Normal Labour and Delivery

A pregnancy is term if it is after 37 weeks and before 42 weeks gestation.

Braxton-Hicks contractions

  • These are contractions that can start as early as the first trimester (usually start in the late 2nd trimester)
  • They are infrequent, irregular and involve mild cramping that lasts only a few minutes
  • Their function is thought to be to ‘prepare’ the body for labour- towards the end of pregnancy, they become more frequent, longer in duration and stronger

Towards the end of pregnancy there are other changes that increase the excitability of the uterus:

  • An increased progesterone:oetrogen ratio
    • progesterone inhibits contractility while oestrogen enhances and stimulates it
  • Oxytocin starts to be released, as do other foetal hormones e.g. oxytocin, adrenaline, prostaglandins
  • The mechanical stretch (caused by the large baby) increases the contractility of the uterus

Onset of Labour and the First stage of labour

Regular contractions start

  • Positive feedback loop
  • The first stage (dilation stage) of delivery can be defined as the time from the start of (semi)regular contractions to the full dilation of the cervix
    • NB the official definition (WHO) states that the first stage starts with regular contracts and the cervix dilated at 3cm (before this is technically not labour)
  • There are typically 2 phases of the 1st stage:
    • Latent phase- mild, more irregular contractions that shorten (efface) the cervix.  These become more intense and more regular with time.
    • Active phase- (true 1st stage)- starts around 3-4cm dilation: rapid cervical dilatation and foetal descent
      • This usually happens at about 1-3cm/hour, though will vary depending on parity (e.g. 12hr average for primiparous woman; 7hr average for multiparous woman)
  • Monitoring:
    • Assess dilatation and position of the foetal head
    • Check urine for ketones/protein (if ketones present consider administering 10% IV dextrose)
    • Check BP every half hour
    • Check contractions every 15 mins
      • Strength- palpation of the uterine fundus can give a rough estimate (the tenser/firmer, the stronger- you should not be able to indent the uterus with your fingers during a contraction)
      • Durations- usually 3-4 per 10 mins, lasting <1min each (however, this increases over the course of labour)
    • Foetal heart rate every 15 mins
      • Particularly with contractions  (SEE ALSO CTG)
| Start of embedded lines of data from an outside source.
(* For every $d \in \mathbb{Z}_{>0}$, one has $\mathrm{rc}_\ell(\Delta_d) \le \lceil d/2 \rceil + 2$, where $\Delta_d = \{0, e_1, \dots, e_d\} \subseteq \mathbb{Z}^d$.
   Context: For $X, Y \subseteq \mathbb{Z}^d$, $\mathrm{rc}(X,Y)$ is the smallest number of inequalities in a linear system $Ax \le b$ satisfied by all points of $X$ and such that each point of $Y\setminus X$ violates at least one inequality. With $B_t = [-t,t]^d\cap\mathbb{Z}^d$, $\mathrm{rc}_\ell(X) = \max_{t\in\mathbb{Z}_{>0}} \mathrm{rc}(X,B_t)$. $e_i$ denotes the $i$-th standard unit vector. *)

theory Defs
  imports Complex_Main "HOL-Library.Extended_Nat"
begin

text \<open>Points of Z^d are modelled as functions nat => int vanishing at indices >= d
  (coordinates 0..d-1). Inequalities have real coefficients.\<close>

definition inZd :: "nat \<Rightarrow> (nat \<Rightarrow> int) \<Rightarrow> bool" where
  "inZd d x \<longleftrightarrow> (\<forall>i\<ge>d. x i = 0)"

definition box :: "nat \<Rightarrow> int \<Rightarrow> (nat \<Rightarrow> int) set" where
  "box d t = {x. inZd d x \<and> (\<forall>i<d. \<bar>x i\<bar> \<le> t)}"

definition rc_system :: "nat \<Rightarrow> (nat \<Rightarrow> int) set \<Rightarrow> (nat \<Rightarrow> int) set \<Rightarrow> nat \<Rightarrow> bool" where
  "rc_system d X Y k \<longleftrightarrow>
     (\<exists>(A :: nat \<Rightarrow> nat \<Rightarrow> real) (b :: nat \<Rightarrow> real).
        (\<forall>x\<in>X. \<forall>j<k. (\<Sum>i<d. A j i * of_int (x i)) \<le> b j) \<and>
        (\<forall>y\<in>Y - X. \<exists>j<k. (\<Sum>i<d. A j i * of_int (y i)) > b j))"

definition rc :: "nat \<Rightarrow> (nat \<Rightarrow> int) set \<Rightarrow> (nat \<Rightarrow> int) set \<Rightarrow> enat" where
  "rc d X Y = (INF k \<in> {k. rc_system d X Y k}. enat k)"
Assessment of the baby’s lie

LAPPED

  • Lie- longitudinal/transverse/oblique
  • Attitude- posture (flexed/extended)
  • Presentation- Cephalic/breech
  • Position – e.g. Left Occipito Anterior
    • LOA is the most common position- the baby’s occiput is facing anteriorly and to the mother’s left (i.e. the baby’s back runs up the left side).  ROA is also common and rarely causes any problems.
    • LOP/ROP are not uncommon and may be able to be changed in utero by Leopold’s maneouvre (manual manipulation)
    • Face presentation/mental presentation will usually require caesarian.
  • Engaging diameter (width of foetal head)
  • Denominator – the presenting part (e.g. occiput)- this sort of comes under position too.
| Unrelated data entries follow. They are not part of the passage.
lemma pseudo_norm_commutator_generate_le:
  assumes S: "S \<subseteq> carrier G" and \<phi>: "\<phi> \<in> carrier G"
    and commute: "conjset G \<phi> S \<subseteq> centralizer G S"
    and a: "a \<in> generate G S" and b: "b \<in> generate G S"
  shows "\<nu> (commutator G a b) \<le> 4 * \<nu> \<phi>"
proof -
  have "\<phi> \<otimes> inv a \<otimes> inv \<phi> \<in> centralizer G (generate G S)"
    using conjset_generate_subset_centralizer[OF S \<phi> commute] generate_m_inv_closed[OF S a]
    by (auto simp: conjset_def)
  then show ?thesis
    using generate_in_carrier[OF S] a b \<phi>
    by (intro pseudo_norm_commutator_le_conj_commute) (auto simp: centralizer_def)
qed

lemma FM_pair_commutator_bounded:
  assumes FM: "FM_pair G H" and A: "finite A" "A \<subseteq> carrier G"
  shows "\<exists>C. \<forall>a\<in>generate G A. \<forall>b\<in>generate G A. \<nu> (commutator G a b) \<le> C"
proof -
  obtain cs where cs: "set cs \<subseteq> carrier G" and A_S: "A \<subseteq> generate G (\<Union>c\<in>set cs. conjset G c H)"
    using FM_pair_finite_subset_generate [OF FM A] by blast
  define S where "S = (\<Union>c\<in>set cs. conjset G c H)"
  have S: "S \<subseteq> carrier G"
    using cs subgroup.subset [of H G] FM by (auto simp: S_def conjset_def FM_pair_def)
  obtain h0 where "h0 \<in> Df_H G H S"
    using FM cs unfolding FM_pair_def S_def by blast
  then obtain h where h: "h \<in> carrier G" and h0: "h0 \<in> carrier G"
    and commute: "\<forall>x\<in>conjset G (h \<otimes> h0 \<otimes> inv h) S. \<forall>y\<in>S. x \<otimes> y = y \<otimes> x"
    using cs unfolding Df_H_def S_def by blast
  define \<phi> where "\<phi> = h \<otimes> h0 \<otimes> inv h"
  have \<phi>: "\<phi> \<in> carrier G" using h h0 by (simp add: \<phi>_def)
  have "conjset G \<phi> S \<subseteq> centralizer G S"
    using commute S \<phi> by (auto simp: \<phi>_def [symmetric] centralizer_def conjset_def)
  moreover have "generate G A \<subseteq> generate G S"
    using generate_subgroup_incl [OF A_S [folded S_def] generate_is_subgroup [OF S]] .
  ultimately show ?thesis
    using pseudo_norm_commutator_generate_le [OF S \<phi>] by blast
qed

lemma word_norm_append_swap:
  assumes f: "f \<in> words G" and g: "g \<in> words G" and w: "w \<in> words G"
    and bound: "\<And>n. \<nu> (commutator G (word_eval G f n) (word_eval G g n)) \<le> C"
  shows "word_norm G \<nu> ((f @ g) @ w) = word_norm G \<nu> ((g @ f) @ w)"
  unfolding word_norm_def
proof (rule lim_div_real_eq_of_bounded_diff)
  fix n
  show "\<bar>\<nu> (word_eval G ((f @ g) @ w) n) - \<nu> (word_eval G ((g @ f) @ w) n)\<bar> \<le> C"
    using pseudo_norm_swap_diff_le [OF word_eval_closed [OF f, of n] word_eval_closed [OF g, of n]
        word_eval_closed [OF w, of n]] bound [of n] f g w
    by (simp add: word_eval_append words_append word_eval_closed m_assoc)
qed

end

theorem lemma3p5:
  fixes G :: "('a, 'b) monoid_scheme" and \<nu> :: "'a \<Rightarrow> real"
  assumes "group G" and "FM G" and "conj_inv_pseudo_norm G \<nu>"
    and "f \<in> words G" and "g \<in> words G"
  shows "A_class G \<nu> (f @ g) = A_class G \<nu> (g @ f)"
proof -
  interpret pseudo_normed_group G \<nu>
    using assms(1,3) by (rule pseudo_normed_group.intro [OF _ pseudo_normed_group_axioms.intro])
  obtain H where H: "FM_pair G H" using assms(2) by (auto simp: FM_def)
  define A where "A = fst ` set (f @ g)"
  have A: "finite A" "A \<subseteq> carrier G" using assms(4,5) by (auto simp: A_def words_def)
  obtain C where C: "\<forall>a\<in>generate G A. \<forall>b\<in>generate G A. \<nu> (commutator G a b) \<le> C"
    using FM_pair_commutator_bounded [OF H A] by blast
  have "word_eval G u n \<in> generate G A" if "u \<in> {f, g}" for u n
    using that A(2)
    by (intro word_eval_in_subgroup generate_is_subgroup) (auto simp: A_def intro: generate.incl)
  then have "word_norm G \<nu> ((f @ g) @ word_bar v) = word_norm G \<nu> ((g @ f) @ word_bar v)"
    if "v \<in> words G" for v
    using C that assms(4,5) by (intro word_norm_append_swap [where C = C] words_bar) auto
  then show ?thesis by (auto simp: A_class_def word_sim_def)
qed

end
The Expulsion stage (second stage of labour)

Occurs from 10cm dilatation of the cervix until the baby is born.  The mother will feel the urge to push.  A normal 2nd stage will last:

  • 2 hours in a primiparous woman (3 hours if regional anaesthetic is used)
  • 1 hour in a multiparous woman (2 hours if regional anaesthesia is used)
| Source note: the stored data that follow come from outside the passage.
lemma borel_measurable_hardy_op:
  assumes "g \<in> L2pos"
  shows "hardy_op a g \<in> borel_measurable lborel"
proof -
  define gg where "gg = (\<lambda>t. indicator {0<..} t * g t)"
  have [measurable]: "gg \<in> borel_measurable lborel"
    using L2pos_measurable[OF assms] by (simp add: gg_def)
  have eq: "(\<lambda>x. LINT t:{0<..x}|lborel. t powr a * g t)
      = (\<lambda>x. integral\<^sup>L lborel (\<lambda>t. if 0 < t \<and> t \<le> x then t powr a * gg t else 0))"
    unfolding set_lebesgue_integral_def
    by (intro ext Bochner_Integration.integral_cong) (auto simp: gg_def indicator_def)
  have [measurable]: "(\<lambda>x. LINT t:{0<..x}|lborel. t powr a * g t) \<in> borel_measurable lborel"
    unfolding eq by measurable
  show ?thesis
    unfolding hardy_op_def by measurable
qed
There are 6 phases of the 2nd stage:

  1. Engagement
    1. See the image above.  ‘Station’ is the term used to describe engagement (+ve numbers are the number of cm below the ischial spines- 5cm is fully engaged)
    2. The baby’s head engages in a transverse position
  2. Descent and flexion of the head
  3. Internal Rotation of the head through 90° to face posteriorly (the shoulders remain in the LOA position i.e. 45° to head
  4. Delivery
    1. the baby’s head crowns in this position then delivers by extension of the head through the vaginal canal
  5. Restitution
    1. The head re-aligns with the shoulders (external rotation of 45°)
  6. External rotation
    1. The head and shoulders further externally rotate 45° (baby facing mum’s right leg) and the rest of the delivery will take place
    2. Usually the anterior shoulder is delivered first

NB A prolonged second stage is an emergency and requires caesarian section in most cases.

Third stage (Placental and membrane delivery)

  • Usually lasts a few minutes- syntocinon/ergometrine are often given to aid this process.
    • NB Ergometrine should not be given before the third stage as there is a risk of shoulder dystocia.  (Syntocinon is relatively safe and may be given to aid contractions in the first stage).